You can lose 15-20 pounds in 14 days
As I said this is not a long term method but if done for about 14 days you can burn body fat very quickly. Basically it’s just eating a consistently low level of calories for 2 weeks and no more. Beyond this your metabolism starts to slow down.
You can burn more fat than doing cardio
This type of crash dieting is more effective than doing cardio every day when done in a short period of time. Let me use myself as an example to explain this further. My resting metabolic rate is about 2000 calories a day. So I burn this amount to survive without doing any exercise or activity. Now if I only eat about 600 calories a day I create a 1400-calorie deficit. To do this with exercise I jog on the treadmill for about 2.5 hours. So as you can see it is much easier to cause this deficiency by eating less than exercising more. Just to remind you that long-term cardio is the most effective and healthy way to burn fat, but it’s only for the short term.

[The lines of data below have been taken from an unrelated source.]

(* Let $B$ be a real $Q\times Q$ matrix that is symmetric, positive definite, and satisfies $B_{pq}\le0$ for $p\ne q$, and consider a cone schedule generated by $B$ with workload $X(\cdot)$. Suppose $\lim_{k\to\infty}X(t_k)/t_k=\eta\neq0$ for some increasing unbounded sequence $(t_k)$. For each $k$, let $$s_k=\sup\{t<t_k:\mathcal C(X(t))\not\subseteq\mathcal C(\eta)\},$$ with the convention $s_k=0$ if this set is empty. Then $$\liminf_{k\to\infty}\frac{t_k-s_k}{t_k}=\epsilon_1>0 .$$
   Context: Fix integers $Q\ge1$ and $E\ge1$; queues are indexed by $q\in\{1,\dots,Q\}$ and environment states by $e\in\mathcal E=\{1,\dots,E\}$. For each $e$, $\mathcal S^e\subset\mathbb R^Q$ is a finite nonempty complete set of service vectors (components may be negative). Complete means that if $S\in\mathcal S^e$ and $S_q>0$, then replacing $S_q$ by $0$ gives a vector in $\mathcal S^e$. An environment trace is a measurable map $e:[0,\infty)\to\mathcal E$ with existing time proportions. The cumulative arrival $N(t)\in\mathbb R^Q_{\ge0}$ is componentwise nondecreasing with left limits, with traffic load $\rho=\lim_{t\to\infty}N(t)/t$. For $Y\in\mathbb R^Q_{\ge0}$, let $\hat{\mathcal S}^e(Y)=\arg\max_{S\in\mathcal S^e}\langle S,BY\rangle$. A cone schedule is a measurable map $S(\cdot)$, with workload $X(t)=X(0)+N(t)-\int_0^tS(z)\,dz\ge0$, such that for all $t$: - $S(t)\in\hat{\mathcal S}^{e(t)}(X(t))$; - $S_q(t)\le0$ whenever $X_q(t)=0$. Cones: for $Y\in\mathbb R^Q_{\ge0}$, $$\mathcal C^e(Y)=\{Z\in\mathbb R^Q_{\ge0}:\hat{\mathcal S}^e(Z)\cap\hat{\mathcal S}^e(Y)\ne\emptyset\},\qquad \mathcal C(Y)=\bigcap_{e\in\mathcal E}\mathcal C^e(Y).$$ *)

theory Defs
  imports "HOL-Analysis.Analysis"
begin
(* Let $\psi_n,\psi^*_n$ ($n\in\mathbb{Z}$) satisfy the canonical anticommutation relations $[\psi^*_m,\psi^*_n]_+=[\psi_m,\psi_n]_+=0$, $[\psi^*_m,\psi_n]_+=\delta_{mn}$. Let $\gamma_n\ge0$ ($n\in\mathbb{Z}$) with only finitely many nonzero and $S_n=\sinh\gamma_n<1$, $C_n=\cosh\gamma_n$. Define $H_{mn}=\psi_n\psi^*_m+(-1)^{m-n+1}\psi_m\psi^*_n$ for $m>n$, $$\mathcal H=\sum_{m>n}(-1)^{m-n}C_mS_{m-1}\cdots S_{n+1}C_nH_{mn},$$ $$\phi(\theta)=\sum_nC_ne^{in\theta}\prod_{j\le n-1}(1+S_je^{-i\theta})\prod_{j\ge n+1}(1-S_je^{i\theta})\,\psi_n,\qquad \phi^*(\theta)=\sum_nC_ne^{-in\theta}\prod_{j\le n-1}(1-S_je^{i\theta})\prod_{j\ge n+1}(1+S_je^{-i\theta})\,\psi^*_n .$$ Then $$[\mathcal H,\phi(\theta)]=-(e^{i\theta}+e^{-i\theta})\phi(\theta),\qquad[\mathcal H,\phi^*(\theta)]=(e^{i\theta}+e^{-i\theta})\phi^*(\theta),$$ $$[\phi^*(\theta_1),\phi(\theta_2)]_+=\prod_j(1+S_je^{-i\theta_1})(1-S_je^{i\theta_1})\sum_{k\in\mathbb Z}e^{ik(\theta_1-\theta_2)}.$$
   Context: The infinite sums are formal linear combinations of the $\psi_n,\psi^*_n$ (respectively of bilinears), and commutators and anticommutators are computed termwise using the anticommutation relations; the last identity is an identity of formal Fourier series in $\theta_1,\theta_2$. Products over $j$ are finite since $S_j=0$ for all but finitely many $j$. *)

theory Defs
  imports "HOL-Analysis.Analysis" "HOL-Library.Groups_Big_Fun"
begin

datatype gen = Psi int | PsiS int

text \<open>A formal (possibly infinite) linear combination of the generators,
  given by its coefficient function: X stands for the sum over g of X g times g.\<close>
type_synonym fsum = "gen \<Rightarrow> complex"

definition unit_fs :: "gen \<Rightarrow> fsum" where
  "unit_fs g = (\<lambda>h. if h = g then 1 else 0)"

text \<open>Canonical anticommutation relations: the anticommutator of two generators
  is the given scalar multiple of the identity.\<close>
fun acomm_gen :: "gen \<Rightarrow> gen \<Rightarrow> complex" where
  "acomm_gen (PsiS m) (Psi n) = (if m = n then 1 else 0)"
| "acomm_gen (Psi n) (PsiS m) = (if m = n then 1 else 0)"
| "acomm_gen (Psi m) (Psi n) = 0"
| "acomm_gen (PsiS m) (PsiS n) = 0"

text \<open>Commutator of a bilinear g1 g2 with a generator h, computed with the CAR via
  the identity [g1 g2, h] = g1 [g2,h]_+ - [g1,h]_+ g2.\<close>
definition comm_quad_gen :: "gen \<Rightarrow> gen \<Rightarrow> gen \<Rightarrow> fsum" where
  "comm_quad_gen g1 g2 h =
     (\<lambda>x. acomm_gen g2 h * unit_fs g1 x - acomm_gen g1 h * unit_fs g2 x)"

definition comm_Hmn_gen :: "int \<Rightarrow> int \<Rightarrow> gen \<Rightarrow> fsum" where
  "comm_Hmn_gen m n h =
     (\<lambda>x. comm_quad_gen (Psi n) (PsiS m) h x
          + (-1::complex) ^ nat (m - n + 1) * comm_quad_gen (Psi m) (PsiS n) h x)"

text \<open>Term of the termwise commutator [sum_{m>n} c m n H_mn, sum_h X h h],
  contributing to the coefficient of the generator g.\<close>
definition comm_H_term :: "(int \<Rightarrow> int \<Rightarrow> complex) \<Rightarrow> fsum \<Rightarrow> gen \<Rightarrow> (int \<times> int) \<times> gen \<Rightarrow> complex" where
  "comm_H_term c X g = (\<lambda>((m, n), h). if n < m then c m n * X h * comm_Hmn_gen m n h g else 0)"

definition comm_H_welldef :: "(int \<Rightarrow> int \<Rightarrow> complex) \<Rightarrow> fsum \<Rightarrow> bool" where
  "comm_H_welldef c X \<longleftrightarrow> (\<forall>g. finite {t. comm_H_term c X g t \<noteq> 0})"

definition comm_H :: "(int \<Rightarrow> int \<Rightarrow> complex) \<Rightarrow> fsum \<Rightarrow> fsum" where
  "comm_H c X = (\<lambda>g. Sum_any (comm_H_term c X g))"

definition acomm_term :: "fsum \<Rightarrow> fsum \<Rightarrow> gen \<times> gen \<Rightarrow> complex" where
  "acomm_term X Y = (\<lambda>(g, h). X g * Y h * acomm_gen g h)"

definition acomm_welldef :: "fsum \<Rightarrow> fsum \<Rightarrow> bool" where
  "acomm_welldef X Y \<longleftrightarrow> finite {t. acomm_term X Y t \<noteq> 0}"

definition acomm_fs :: "fsum \<Rightarrow> fsum \<Rightarrow> complex" where
  "acomm_fs X Y = Sum_any (acomm_term X Y)"

definition fourier_coeff :: "(real \<Rightarrow> complex) \<Rightarrow> int \<Rightarrow> complex" where
  "fourier_coeff f q =
     integral {0..2*pi} (\<lambda>t. f t * cis (- (of_int q * t))) / complex_of_real (2*pi)"

text \<open>Coefficient of H_mn in the Hamiltonian (used for m > n), with S_j = sinh(gamma j),
  C_j = cosh(gamma j).\<close>
definition Hcoef :: "(int \<Rightarrow> real) \<Rightarrow> int \<Rightarrow> int \<Rightarrow> complex" where
  "Hcoef \<gamma> m n = (-1::complex) ^ nat (m - n) *
     complex_of_real (cosh (\<gamma> m) * (\<Prod>j\<in>{n<..<m}. sinh (\<gamma> j)) * cosh (\<gamma> n))"
lemma card_small_traces_le:
  assumes "finite N" "U \<subseteq> N"
  shows "real (card {S. S \<subseteq> N \<and> 12 * card (S \<inter> U) \<le> 5 * card U})
    \<le> 2 ^ card N * exp (- real (card U) / 144)"
proof -
  have "real (card {S. S \<subseteq> N \<and> 12 * card (S \<inter> U) \<le> 5 * card U})
      = real (card {R. R \<subseteq> U \<and> 12 * card R \<le> 5 * card U}) * 2 ^ (card N - card U)"
    using card_subsets_restrict[OF assms, of "\<lambda>R. 12 * card R \<le> 5 * card U"] by simp
  also have "\<dots> \<le> 2 ^ card U * exp (- real (card U) / 144) * 2 ^ (card N - card U)"
    using card_small_subsets_le[OF finite_subset[OF assms(2,1)]] by (rule mult_right_mono) simp
  also have "\<dots> = 2 ^ card N * exp (- real (card U) / 144)"
    using card_mono[OF assms] by (simp add: power_add[symmetric])
  finally show ?thesis .
qed

lemma prob_half_le:
  assumes "real (card {S. S \<subseteq> N \<and> P S}) \<le> 2 ^ card N * c"
  shows "prob_half N P \<le> c"
  using assms unfolding prob_half_def by (simp add: divide_le_eq mult.commute)

section \<open>Matroids and their rank function\<close>

locale finite_matroid =
  fixes N :: "'a set" and indep :: "'a set \<Rightarrow> bool"
  assumes matroid: "matroid N indep"
begin

abbreviation r :: "'a set \<Rightarrow> nat" where "r \<equiv> mrank indep"

lemma finite_ground: "finite N"
  using matroid unfolding matroid_def by blast

lemma indep_subset_ground: "indep I \<Longrightarrow> I \<subseteq> N"
  using matroid unfolding matroid_def by blast

lemma indep_empty: "indep {}"
  using matroid unfolding matroid_def by blast

lemma indep_subset: "indep J \<Longrightarrow> I \<subseteq> J \<Longrightarrow> indep I"
  using matroid unfolding matroid_def by blast

lemma indep_augment:
  "indep I \<Longrightarrow> indep J \<Longrightarrow> card I < card J \<Longrightarrow> \<exists>e\<in>J - I. indep (insert e I)"
  using matroid unfolding matroid_def by blast

lemma indep_finite: "indep I \<Longrightarrow> finite I"
  using indep_subset_ground finite_ground finite_subset by blast

lemma finite_subset_ground: "S \<subseteq> N \<Longrightarrow> finite S"
  using finite_ground finite_subset by blast

lemma finite_indep_subsets: "finite {I. I \<subseteq> A \<and> indep I}"
  by (rule finite_subset[of _ "Pow N"]) (auto dest: indep_subset_ground simp: finite_ground)

lemma card_le_rank: "I \<subseteq> A \<Longrightarrow> indep I \<Longrightarrow> card I \<le> r A"
  unfolding mrank_def by (rule Max_ge) (use finite_indep_subsets in auto)

lemma rank_attained: obtains I where "I \<subseteq> A" "indep I" "card I = r A"
proof -
  have "r A \<in> card ` {I. I \<subseteq> A \<and> indep I}"
    unfolding mrank_def by (rule Max_in) (use finite_indep_subsets indep_empty in auto)
  then show ?thesis using that by auto
qed

lemma rank_mono: "A \<subseteq> B \<Longrightarrow> r A \<le> r B"
  by (rule rank_attained[of A]) (metis card_le_rank order_trans)

lemma rank_le_card: "finite A \<Longrightarrow> r A \<le> card A"
  by (rule rank_attained[of A]) (metis card_mono)

lemma rank_empty: "r {} = 0"
  using rank_le_card[of "{}"] by simp

lemma indep_extend_to_rank:
  assumes "indep I" "I \<subseteq> X"
  shows "\<exists>J. I \<subseteq> J \<and> J \<subseteq> X \<and> indep J \<and> card J = r X"
  using assms
proof (induction "r X - card I" arbitrary: I rule: less_induct)
  case less
  show ?case
  proof (cases "card I < r X")
    case False
    then have "card I = r X" using card_le_rank[OF less.prems(2,1)] by linarith
    then show ?thesis using less.prems by blast
  next
    case True
    obtain K where K: "K \<subseteq> X" "indep K" "card K = r X" by (rule rank_attained)
    then obtain e where e: "e \<in> K - I" "indep (insert e I)"
      using indep_augment[OF less.prems(1) K(2)] True by auto
    have "card (insert e I) = Suc (card I)"
      using e(1) indep_finite[OF less.prems(1)] by simp
    then have "r X - card (insert e I) < r X - card I" using True by linarith
    moreover have "insert e I \<subseteq> X" using e(1) K(1) less.prems(2) by blast
    ultimately obtain J where "insert e I \<subseteq> J" "J \<subseteq> X" "indep J" "card J = r X"
      using less.hyps[OF _ e(2)] by blast
    then show ?thesis by blast
  qed
qed

lemma rank_submodular: "r (A \<union> B) + r (A \<inter> B) \<le> r A + r B"
proof -
  obtain I where I: "I \<subseteq> A \<inter> B" "indep I" "card I = r (A \<inter> B)" by (rule rank_attained)
  then obtain J where J: "I \<subseteq> J" "J \<subseteq> A \<union> B" "indep J" "card J = r (A \<union> B)"
    using indep_extend_to_rank[of I "A \<union> B"] by blast
  have fJ: "finite J" using J indep_finite by blast
  have "card (J \<inter> A) \<le> r A" "card (J \<inter> B) \<le> r B"
    using J by (auto intro!: card_le_rank intro: indep_subset)
  moreover have "card (J \<inter> A) + card (J \<inter> B) = card J + card (J \<inter> A \<inter> B)"
  proof -
    have "J \<inter> A \<union> J \<inter> B = J" using J(2) by blast
    then show ?thesis using card_Un_Int[of "J \<inter> A" "J \<inter> B"] fJ by (simp add: Int_ac)
  qed
  moreover have "card I \<le> card (J \<inter> A \<inter> B)"
    using I J fJ by (intro card_mono) auto
  ultimately show ?thesis using I J by linarith
qed

lemma mspan_mono: "e \<in> mspan N indep A \<Longrightarrow> A \<subseteq> B \<Longrightarrow> e \<in> mspan N indep B"
proof -
  assume e: "e \<in> mspan N indep A" and AB: "A \<subseteq> B"
  have "B \<union> (A \<union> {e}) = B \<union> {e}" using AB by auto
  then have "r (B \<union> {e}) + r (B \<inter> (A \<union> {e})) \<le> r B + r (A \<union> {e})"
    using rank_submodular[of B "A \<union> {e}"] by simp
  moreover have "r A \<le> r (B \<inter> (A \<union> {e}))" using AB by (intro rank_mono) auto
  moreover have "r B \<le> r (B \<union> {e})" by (intro rank_mono) auto
  moreover have "e \<in> N" "r (A \<union> {e}) = r A" using e unfolding mspan_def by auto
  ultimately have "r (B \<union> {e}) = r B" by linarith
  then show ?thesis using \<open>e \<in> N\<close> unfolding mspan_def by simp
qed

lemma basis_card: "mbasis indep B \<Longrightarrow> card B = r N"
proof (rule ccontr)
  assume B: "mbasis indep B" and "card B \<noteq> r N"
  moreover have "card B \<le> r N"
    using B indep_subset_ground card_le_rank unfolding mbasis_def by blast
  moreover obtain K where "K \<subseteq> N" "indep K" "card K = r N" by (rule rank_attained)
  ultimately obtain e where "e \<in> K - B" "indep (insert e B)"
    using indep_augment[of B K] unfolding mbasis_def by auto
  then show False using B unfolding mbasis_def by blast
qed

lemma card_Union_disjoint_bases:
  assumes "\<forall>i<m. mbasis indep (B i)" "\<forall>i<m. \<forall>j<m. i \<noteq> j \<longrightarrow> B i \<inter> B j = {}"
  shows "card (\<Union>i<m. B i) = m * r N"
proof -
  have "\<forall>i\<in>{..<m}. finite (B i)"
    using assms(1) indep_finite unfolding mbasis_def by blast
  then have "card (\<Union>i<m. B i) = (\<Sum>i<m. card (B i))"
    using assms(2) by (intro card_UN_disjoint) auto
  also have "\<dots> = (\<Sum>i<m. r N)"
    using assms(1) basis_card by (intro sum.cong) auto
  finally show ?thesis by simp
qed

lemma card_inter_Union_indep_le:
  assumes "\<forall>i<m. indep (B i)"
  shows "card (A \<inter> (\<Union>i<m. B i)) \<le> m * r A"
proof -
  have "card (A \<inter> (\<Union>i<m. B i)) \<le> (\<Sum>i<m. card (A \<inter> B i))"
    unfolding Int_UN_distrib by (rule card_UN_le) simp
  also have "\<dots> \<le> (\<Sum>i<m. r A)"
  proof (rule sum_mono)
    fix i assume "i \<in> {..<m}"
    then have "indep (A \<inter> B i)" using assms indep_subset by blast
    then show "card (A \<inter> B i) \<le> r A" by (intro card_le_rank) auto
  qed
  finally show ?thesis by simp
qed

end

section \<open>Maximizers of the surplus\<close>

locale matroid_surplus = finite_matroid +
  fixes h :: nat
begin

definition surplus :: "'a set \<Rightarrow> real" where
  "surplus V = real (card V) - real h * real (r V)"

abbreviation D :: "'a set \<Rightarrow> 'a set" where
  "D S \<equiv> Dset indep S (real h)"

lemma maximizers_iff:
  "U \<in> maximizers indep S (real h) \<longleftrightarrow> U \<subseteq> S \<and> (\<forall>V. V \<subseteq> S \<longrightarrow> surplus V \<le> surplus U)"
  unfolding maximizers_def surplus_def by auto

Your simple quick weight loss diet plan
1) Consume only 600-800 calories daily for 14 days.
2) Do not consume any fat or sugar
3) Consume around 100-150 grams of protein daily
4) Take plenty of water – more than 4 liters per day
5) Drink as much green tea and coffee as you want
6) Take a quality multivitamin during this period
It’s not for everyone and takes a huge amount of discipline. I usually do this type of diet before summer, when I’m more mentally focused on getting in shape.
My daily meal plan looks like this
Breakfast – protein shake with water
Meal – 1 skinless chicken breast
Dinner – chicken breast and a large green salad
I have black coffee or green tea to satisfy hunger between meals
I know not very hungry but if you can stick with a similar plan for the whole 2 weeks you will see some dramatic results that will make it all worth it…honest!